• Your goal
Lines with the word "rule" in them are the ones to copy from the records.

Entries supplied: Begin

text \<open>Modulo the period of a chromosome, shifting positions by \<open>|u|\<close> maps the occurrences
  of a finite superstring \<open>u s v\<close> injectively into those of \<open>s\<close>. If all occurrences of \<open>s\<close>
  are preceded by one letter \<open>a\<close>, the map is onto for \<open>a s\<close>, so \<open>a s\<close> has the same
  multiplicities as \<open>s\<close> and \<open>s\<close> is not an MES; symmetrically on the right. Conversely, with
  two distinct left and two distinct right neighbours, every proper finite superstring \<open>u s v\<close>
  misses an occurrence of \<open>s\<close> that disagrees with the last letter of \<open>u\<close> or the first
  letter of \<open>v\<close>, so its multiplicity drops. A cyclic superstring occurs at most once in a
  chromosome; it is either absent from a chromosome containing \<open>c\<^sub>1 s\<close> or \<open>c\<^sub>2 s\<close>, or it
  is one chromosome containing both, hence containing \<open>s\<close> twice.\<close>

lemma least_period:
  assumes "periodic c"
  shows "period c > 0 \<and> (\<forall>i. c (i + int (period c)) = c i)"
proof -
  from assms obtain p :: int where "p > 0" "\<forall>i. c (i + p) = c i"
    unfolding periodic_def by blast
  then have "\<exists>q::nat. q > 0 \<and> (\<forall>i. c (i + int q) = c i)"
    by (intro exI[of _ "nat p"]) auto
  then show ?thesis
    unfolding period_def by (rule LeastI_ex)
qed

lemma period_pos: "periodic c \<Longrightarrow> period c > 0"
  using least_period by blast

lemma periodic_add_period: "periodic c \<Longrightarrow> c (i + int (period c)) = c i"
  using least_period by blast

lemma periodic_add_mult:
  fixes f :: "int \<Rightarrow> 'b"
  assumes "\<And>x. f (x + p) = f x"
  shows "f (x + m * p) = f x"
proof (induction m rule: int_induct[where k = 0])
  case (step1 i)
  then show ?case
    using assms[of "x + i * p"] by (simp add: algebra_simps)
next
  case (step2 i)
  then show ?case
    using assms[of "x + (i - 1) * p"] by (simp add: algebra_simps)
qed simp

lemma periodic_mod:
  fixes f :: "int \<Rightarrow> 'b"
  assumes "\<And>x. f (x + p) = f x"
  shows "f (x mod p) = f x"
  using periodic_add_mult[of f p x "- (x div p)", OF assms]
  by (simp add: minus_div_mult_eq_mod[symmetric])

Entries supplied: End

• Solution for this exercise
    unfolding period_def by (rule LeastI_ex)
proof (induction m rule: int_induct[where k = 0])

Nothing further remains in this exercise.